It is also known (proved in, I think, Weibel's ``Introduction to Homological Algebra") that, for any finite dimensional $k$-Lie algebra $\mathfrak{h}$, $(\wedge^{2}\mathfrak{h})^{\mathfrak{h}}\cong H^{2}(\mathfrak{h})$, where $(\wedge^{2}\mathfrak{h})^{\mathfrak{h}}:=\{f\in \wedge^{2}\mathfrak{h}: h\cdot f=0 \forall h\in \mathfrak{h}\}$ (the invariants under the canonical action of $\mathfrak{h}$ on $\wedge^{2}\mathfrak{h}$).

EDIT: by $(V\wedge \mathfrak{g} +\mathfrak{g}\wedge V)$ I mean the subspace of skew symmetric elements of $V\otimes \mathfrak{g}+\mathfrak{g}\otimes V$.

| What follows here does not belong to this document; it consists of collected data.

(* Let $\mathcal{F}$ be a projective Fraïssé family of finite trees whose distinguished epimorphisms are monotone and weakly coherent, and which allows splitting edges. Let $(F_i)_{i<\omega}$ be a Fraïssé sequence for $\mathcal{F}$ and $\mathbb{F}=\varprojlim F_i\subseteq\prod_i F_i$ its projective Fraïssé limit. Let $e=(e_n)_{n\in\mathbb{N}}\in\mathbb{F}$. If there is $N$ such that $e_m$ is an endpoint of $F_m$ for every $m\ge N$, then $e$ is an endpoint of $\mathbb{F}$.
   Context: Graphs have reflexive symmetric edge relations; topological graphs carry a compact, Hausdorff, zero-dimensional, second countable topology with closed edge set; finite graphs are discrete. An epimorphism $g\colon B\to A$ is a continuous surjection with $\langle a_1,a_2\rangle\in E(A)$ iff some $b_i\in g^{-1}(a_i)$ satisfy $\langle b_1,b_2\rangle\in E(B)$. A topological graph is disconnected if its vertex set splits into two nonempty disjoint closed sets with no edges between, connected otherwise (subsets carry induced edges and subspace topology). Monotone: every fibre is connected. An arc is a connected topological graph such that removing any vertex except at most two (its endpoints) disconnects it. An embedding is an injective continuous map that is a homeomorphism onto its image and preserves and reflects edges. A vertex $x$ of a topological graph $G$ is an endpoint of $G$ if whenever $H$ is an arc and $f\colon H\to G$ an embedding with $x$ in the image, $x$ is the image of an endpoint of $H$ (for a finite tree these are the vertices with at most one neighbour). In a finite tree, $\mathrm{ord}(a)$ is the number of neighbours other than $a$. For monotone $f\colon B\to A$ of finite trees, $a\in A$ with $\mathrm{ord}(a)=n\ge3$ is a point of weak coherence if some $b\in f^{-1}(a)$ with $\mathrm{ord}(b)=m\ge n$ and an injection $p\colon n\to m$ satisfy $f^{-1}(A_i)\subseteq B_{p(i)}$ ($A_i$, $B_j$ the components of $A\setminus\{a\}$, $B\setminus\{b\}$); $f$ is weakly coherent if this holds at every vertex of order $\ge3$. A projective Fraïssé family: class of finite graphs with distinguished epimorphisms, countably many up to isomorphism, containing identities, closed under composition, with joint projection and projective amalgamation. A Fraïssé sequence: compatible distinguished epimorphisms $f^m_n\colon F_m\to F_n$ such that each member is the image of some $F_n$, and every distinguished $f\colon A\to F_m$ satisfies $f\circ g=f^n_m$ for some $n\ge m$ and distinguished $g\colon F_n\to A$; the limit is the inverse limit with coordinatewise edges. Allowing splitting edges: for each member $G$ and nontrivial edge $\{a,b\}$, replacing it by a path $a,\ast,b$ with a new vertex yields a member, and the two maps collapsing $\ast$ to $a$, resp. $b$, are distinguished. *)

theory Defs
  imports "HOL-Analysis.Analysis"
begin
(* Let $U,V\in U(n-1)$ and $(\tau,t),(\sigma,s)\in\mathfrak{N}_n$. Let $T=R_UT_{(\tau,t)}$ and $S=R_VT_{(\sigma,s)}$. Then $S$ commutes with $T$ if and only if $VU=UV$ and $(V^*\tau,t)(\sigma,s)=(U^*\sigma,s)(\tau,t)$ in $\mathfrak{N}_n$.
   Context: The Heisenberg group $\mathfrak{N}_n$ is $\mathbb{C}^{n-1}\times\mathbb{R}$ with product $(\zeta_1,v_1)(\zeta_2,v_2)=(\zeta_1+\zeta_2,\,v_1+v_2+2\,\mathrm{Im}(\zeta_2^*\zeta_1))$. Work in $U(n,1)$ defined as the group of $(n+1)\times(n+1)$ complex matrices $g$ with $g^*Jg=J$, where $J=\begin{pmatrix}0&0&1\\0&I_{n-1}&0\\1&0&0\end{pmatrix}$. For $U\in U(n-1)$, $R_U=\mathrm{diag}(1,U,1)$ (Heisenberg rotation), and for $(\tau,t)\in\mathfrak{N}_n$, $T_{(\tau,t)}=\begin{pmatrix}1&-\tau^*&\frac{-|\tau|^2+ti}{2}\\0&I_{n-1}&\tau\\0&0&1\end{pmatrix}$ (Heisenberg translation). *)

theory Defs
  imports Complex_Main "Jordan_Normal_Form.Matrix"
begin

text \<open>Throughout, m = n - 1 is the complex dimension of the Heisenberg group,
  so matrices in U(n,1) are (m+2) x (m+2), indexed 0..m+1.\<close>

definition ctrans :: "complex mat \<Rightarrow> complex mat" where
  "ctrans A = mat (dim_col A) (dim_row A) (\<lambda>(i,j). cnj (A $$ (j,i)))"

definition unitary_mat :: "nat \<Rightarrow> complex mat \<Rightarrow> bool" where
  "unitary_mat m U \<longleftrightarrow> U \<in> carrier_mat m m \<and> ctrans U * U = 1\<^sub>m m"

definition herm :: "complex vec \<Rightarrow> complex vec \<Rightarrow> complex" where
  "herm \<zeta>2 \<zeta>1 = (\<Sum>k<dim_vec \<zeta>1. cnj (\<zeta>2 $ k) * \<zeta>1 $ k)"

definition heis_mult :: "complex vec \<times> real \<Rightarrow> complex vec \<times> real \<Rightarrow> complex vec \<times> real" where
  "heis_mult p q = (case p of (\<zeta>1, v1) \<Rightarrow> case q of (\<zeta>2, v2) \<Rightarrow>
      (\<zeta>1 + \<zeta>2, v1 + v2 + 2 * Im (herm \<zeta>2 \<zeta>1)))"

definition heis_rot :: "nat \<Rightarrow> complex mat \<Rightarrow> complex mat" where
  "heis_rot m U = mat (m+2) (m+2) (\<lambda>(i,j).
      if i = 0 \<or> i = m+1 then (if j = i then 1 else 0)
      else if j = 0 \<or> j = m+1 then 0
      else U $$ (i-1, j-1))"

definition heis_trans :: "nat \<Rightarrow> complex vec \<Rightarrow> real \<Rightarrow> complex mat" where
  "heis_trans m \<tau> t = mat (m+2) (m+2) (\<lambda>(i,j).
      if i = 0 then
        (if j = 0 then 1
         else if j = m+1 then (- complex_of_real ((\<Sum>k<m. (cmod (\<tau> $ k))\<^sup>2)) + complex_of_real t * \<i>) / 2
         else - cnj (\<tau> $ (j-1)))
      else if i = m+1 then (if j = m+1 then 1 else 0)
      else if j = m+1 then \<tau> $ (i-1)
      else if j = i then 1 else 0)"

end

theory Submission
  imports Defs "Jordan_Normal_Form.Determinant"
begin

text \<open>Both R_U T_(tau,t) and R_V T_(sigma,s) are block upper triangular matrices
  [[1, r, a], [0, W, w], [0, 0, 1]], a shape closed under multiplication. Comparing the blocks
  of S T and T S shows that commutation means: the unitary parts commute, the first components
  of the two Heisenberg products agree, the corner entries agree, and the last columns agree.
  The corner condition is a Hermitian product identity whose imaginary part is exactly the
  equality of the real coordinates of the two Heisenberg products. The remaining conditions follow from
  the first two by unitarity: the last column condition is the first-component equation
  multiplied by UV, and the real part of the corner identity drops out of comparing the squared
  norms of both sides of the first-component equation.\<close>

definition heis_block ::
    "nat \<Rightarrow> complex \<Rightarrow> complex vec \<Rightarrow> complex mat \<Rightarrow> complex vec \<Rightarrow> complex mat" where
  "heis_block m a r W w = mat (m+2) (m+2) (\<lambda>(i,j).
      if i = 0 then (if j = 0 then 1 else if j = m+1 then a else r $ (j-1))
      else if i = m+1 then (if j = m+1 then 1 else 0)
      else if j = 0 then 0 else if j = m+1 then w $ (i-1) else W $$ (i-1, j-1))"

lemma dim_heis_block [simp]:
  "dim_row (heis_block m a r W w) = Suc (Suc m)"
  "dim_col (heis_block m a r W w) = Suc (Suc m)"
  by (auto simp: heis_block_def)

lemma index_heis_block [simp]:
  "heis_block m a r W w $$ (0, 0) = 1"
  "l < m \<Longrightarrow> heis_block m a r W w $$ (0, Suc l) = r $ l"
  "heis_block m a r W w $$ (0, Suc m) = a"
  "k < m \<Longrightarrow> heis_block m a r W w $$ (Suc k, 0) = 0"
  "k < m \<Longrightarrow> l < m \<Longrightarrow> heis_block m a r W w $$ (Suc k, Suc l) = W $$ (k, l)"
  "k < m \<Longrightarrow> heis_block m a r W w $$ (Suc k, Suc m) = w $ k"
  "heis_block m a r W w $$ (Suc m, 0) = 0"
  "l < m \<Longrightarrow> heis_block m a r W w $$ (Suc m, Suc l) = 0"
  "heis_block m a r W w $$ (Suc m, Suc m) = 1"
  by (auto simp: heis_block_def)

lemma less_Suc_Suc_cases:
  assumes "i < Suc (Suc m)"
  obtains "i = 0" | "i = Suc m" | k where "i = Suc k" "k < m"
  using assms by (cases i) (auto simp: less_Suc_eq)

lemma sum_lessThan_Suc_Suc_split:
  "(\<Sum>k<Suc (Suc m). f k) = f 0 + (\<Sum>k<m. f (Suc k)) + (f (Suc m) :: 'a :: comm_monoid_add)"
  by (simp only: sum.lessThan_Suc[of f "Suc m"] sum.lessThan_Suc_shift[of f m])

lemma heis_block_mult:
  assumes "W \<in> carrier_mat m m" "X \<in> carrier_mat m m"
    and "r \<in> carrier_vec m" "q \<in> carrier_vec m" "w \<in> carrier_vec m" "x \<in> carrier_vec m"
  shows "heis_block m a r W w * heis_block m b q X x =
    heis_block m (b + r \<bullet> x + a) (q + transpose_mat X *\<^sub>v r) (W * X) (W *\<^sub>v x + w)"
    (is "?A * ?B = ?C")
proof (rule eq_matI)
  fix i j assume "i < dim_row ?C" "j < dim_col ?C"
  then have i: "i < Suc (Suc m)" and j: "j < Suc (Suc m)" by auto
  then have "(?A * ?B) $$ (i, j) = (\<Sum>k<Suc (Suc m). ?A $$ (i, k) * ?B $$ (k, j))"
    by (simp add: scalar_prod_def atLeast0LessThan)
  also have "\<dots> = ?C $$ (i, j)"
    unfolding sum_lessThan_Suc_Suc_split
    by (rule less_Suc_Suc_cases[OF i]; rule less_Suc_Suc_cases[OF j])
      (use assms in \<open>simp_all add: mult_mat_vec_def scalar_prod_def atLeast0LessThan mult.commute\<close>)
  finally show "(?A * ?B) $$ (i, j) = ?C $$ (i, j)" .
qed auto

lemma heis_block_eq_iff:
  assumes "W \<in> carrier_mat m m" "W' \<in> carrier_mat m m"
    and "r \<in> carrier_vec m" "r' \<in> carrier_vec m" "w \<in> carrier_vec m" "w' \<in> carrier_vec m"
  shows "heis_block m a r W w = heis_block m a' r' W' w' \<longleftrightarrow>
    a = a' \<and> r = r' \<and> W = W' \<and> w = w'"
proof (intro iffI conjI)
  assume eq: "heis_block m a r W w = heis_block m a' r' W' w'"
  note entry = arg_cong[OF eq, of "\<lambda>M. M $$ _"]
  show "a = a'" using entry[of "(0, Suc m)"] by simp
  show "r = r'"
  proof (rule eq_vecI)
    fix l assume "l < dim_vec r'"
    then show "r $ l = r' $ l" using assms entry[of "(0, Suc l)"] by simp
  qed (use assms in simp)
  show "w = w'"
  proof (rule eq_vecI)
    fix k assume "k < dim_vec w'"
    then show "w $ k = w' $ k" using assms entry[of "(Suc k, Suc m)"] by simp
  qed (use assms in simp)
  show "W = W'"
  proof (rule eq_matI)
    fix k l assume "k < dim_row W'" "l < dim_col W'"
    then show "W $$ (k, l) = W' $$ (k, l)" using assms entry[of "(Suc k, Suc l)"] by simp
  qed (use assms in simp_all)
qed simp

lemma herm_add_left:
  "dim_vec a = dim_vec c \<Longrightarrow> dim_vec b = dim_vec c \<Longrightarrow> herm (a + b) c = herm a c + herm b c"
  by (simp add: herm_def sum.distrib distrib_right)

lemma herm_add_right: "dim_vec b = dim_vec c \<Longrightarrow> herm a (b + c) = herm a b + herm a c"
  by (simp add: herm_def sum.distrib distrib_left)

lemma herm_commute: "dim_vec a = dim_vec b \<Longrightarrow> herm a b = cnj (herm b a)"
  by (simp add: herm_def mult.commute)

lemma herm_conv_scalar_prod: "dim_vec a = dim_vec b \<Longrightarrow> herm a b = conjugate a \<bullet> b"
  by (simp add: herm_def scalar_prod_def atLeast0LessThan)

lemma herm_add_self:
  assumes "dim_vec a = dim_vec b"
  shows "herm (a + b) (a + b) = herm a a + herm b b + 2 * Re (herm b a)"
proof -
  have "herm (a + b) (a + b) = herm a a + herm a b + (herm b a + herm b b)"
    using assms by (simp add: herm_add_left herm_add_right)
  also have "herm a b = cnj (herm b a)"
    using assms by (rule herm_commute)
  finally show ?thesis
    by (simp add: complex_add_cnj algebra_simps)
qed

lemma dim_ctrans [simp]: "dim_row (ctrans A) = dim_col A" "dim_col (ctrans A) = dim_row A"
  by (simp_all add: ctrans_def)

lemma carrier_ctrans [simp]: "A \<in> carrier_mat n k \<Longrightarrow> ctrans A \<in> carrier_mat k n"
  by auto

lemma carrier_ctrans_mult_vec [simp]: "A \<in> carrier_mat n k \<Longrightarrow> ctrans A *\<^sub>v v \<in> carrier_vec k"
  by (auto simp: ctrans_def intro!: carrier_vecI)

lemma herm_mult_mat_vec_right:
  assumes "A \<in> carrier_mat n k" "a \<in> carrier_vec n" "b \<in> carrier_vec k"
  shows "herm a (A *\<^sub>v b) = herm (ctrans A *\<^sub>v a) b"
proof -
  have "herm a (A *\<^sub>v b) = (\<Sum>i<n. \<Sum>j<k. cnj (a $ i) * (A $$ (i, j) * b $ j))"
    using assms
    by (simp add: herm_def mult_mat_vec_def scalar_prod_def atLeast0LessThan sum_distrib_left)
  also have "\<dots> = (\<Sum>j<k. \<Sum>i<n. cnj (a $ i) * (A $$ (i, j) * b $ j))"
    by (rule sum.swap)
  also have "\<dots> = herm (ctrans A *\<^sub>v a) b"
    using assms by (simp add: herm_def mult_mat_vec_def ctrans_def scalar_prod_def
        atLeast0LessThan sum_distrib_left sum_distrib_right ac_simps)
  finally show ?thesis .
qed

lemma conjugate_scalar_prod_mult_mat_vec:
  assumes "A \<in> carrier_mat n k" "a \<in> carrier_vec n" "b \<in> carrier_vec k"
  shows "conjugate a \<bullet> (A *\<^sub>v b) = cnj (herm b (ctrans A *\<^sub>v a))"
proof -
  have "conjugate a \<bullet> (A *\<^sub>v b) = herm a (A *\<^sub>v b)"
    using assms by (simp add: herm_conv_scalar_prod)
  also have "\<dots> = herm (ctrans A *\<^sub>v a) b"
    using assms by (rule herm_mult_mat_vec_right)
  also have "\<dots> = cnj (herm b (ctrans A *\<^sub>v a))"
    using assms by (intro herm_commute) simp
  finally show ?thesis .
qed

lemma neg_conjugate_add_transpose_mult:
  assumes "A \<in> carrier_mat n n" "a \<in> carrier_vec n" "b \<in> carrier_vec n"
  shows "- conjugate b + transpose_mat A *\<^sub>v (- conjugate a) = - conjugate (ctrans A *\<^sub>v a + b)"
  using assms
  by (intro eq_vecI) (auto simp: mult_mat_vec_def ctrans_def scalar_prod_def sum_negf mult.commute)

lemma unitary_mat_mult_ctrans: "unitary_mat m U \<Longrightarrow> U * ctrans U = 1\<^sub>m m"
  unfolding unitary_mat_def by (intro mat_mult_left_right_inverse[of "ctrans U" m]) auto

lemma unitary_mult_ctrans_vec:
  assumes "unitary_mat m U" "v \<in> carrier_vec m"
  shows "U *\<^sub>v (ctrans U *\<^sub>v v) = v"
proof -
  have "U \<in> carrier_mat m m" using assms(1) by (simp add: unitary_mat_def)
  then have "U *\<^sub>v (ctrans U *\<^sub>v v) = (U * ctrans U) *\<^sub>v v"
    using assms(2) by (simp add: assoc_mult_mat_vec[of U m m "ctrans U" m v])
  then show ?thesis
    using assms by (simp add: unitary_mat_mult_ctrans)
qed

lemma herm_ctrans_unitary:
  assumes "unitary_mat m U" "a \<in> carrier_vec m" "b \<in> carrier_vec m"
  shows "herm (ctrans U *\<^sub>v a) (ctrans U *\<^sub>v b) = herm a b"
proof -
  have U: "U \<in> carrier_mat m m" using assms(1) by (simp add: unitary_mat_def)
  have "herm a (U *\<^sub>v (ctrans U *\<^sub>v b)) = herm (ctrans U *\<^sub>v a) (ctrans U *\<^sub>v b)"
    using U assms(2) by (intro herm_mult_mat_vec_right) auto
  then show ?thesis
    using assms by (simp add: unitary_mult_ctrans_vec)
qed

lemma heis_rot_eq_block: "U \<in> carrier_mat m m \<Longrightarrow> heis_rot m U = heis_block m 0 (0\<^sub>v m) U (0\<^sub>v m)"
  by (rule eq_matI) (auto simp: heis_rot_def heis_block_def)

text \<open>The corner entry is left abstract: it cancels when S T is compared with T S.\<close>

lemma heis_trans_eq_block:
  assumes "\<tau> \<in> carrier_vec m"
  obtains a where "heis_trans m \<tau> t = heis_block m a (- conjugate \<tau>) (1\<^sub>m m) \<tau>"
proof
  show "heis_trans m \<tau> t = heis_block m
      ((- complex_of_real (\<Sum>k<m. (cmod (\<tau> $ k))\<^sup>2) + complex_of_real t * \<i>) / 2)
      (- conjugate \<tau>) (1\<^sub>m m) \<tau>"
    using assms by (intro eq_matI) (auto simp: heis_trans_def heis_block_def)
qed

lemma heis_rot_trans_eq_block:
  assumes "U \<in> carrier_mat m m" "\<tau> \<in> carrier_vec m"
  obtains a where "heis_rot m U * heis_trans m \<tau> t = heis_block m a (- conjugate \<tau>) U (U *\<^sub>v \<tau>)"
proof -
  obtain a where "heis_trans m \<tau> t = heis_block m a (- conjugate \<tau>) (1\<^sub>m m) \<tau>"
    using assms(2) by (rule heis_trans_eq_block)
  with assms that show thesis
    by (simp add: heis_rot_eq_block heis_block_mult)
qed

Combining the above, we find that for our finite dimensional semisimple Lie algebra $\mathfrak{g}$, $(\wedge^{2}\mathfrak{g})^{\mathfrak{g}}=0$. In particular, $(\wedge^{2}\mathfrak{g})$ can contain no 1-dimensional $\mathfrak{g}$-submodules.

I'm interested in whether or not there is any way to generalise this: given a finite dimensional simple Lie algebra $\mathfrak{g}$ and an (irreducible, say) $\mathfrak{g}$-module $V$, can the $\mathfrak{g}$-module $(\mathfrak{g}\wedge V+V\wedge \mathfrak{g})$ ever contain a 1-dimensional $\mathfrak{g}$-submodule?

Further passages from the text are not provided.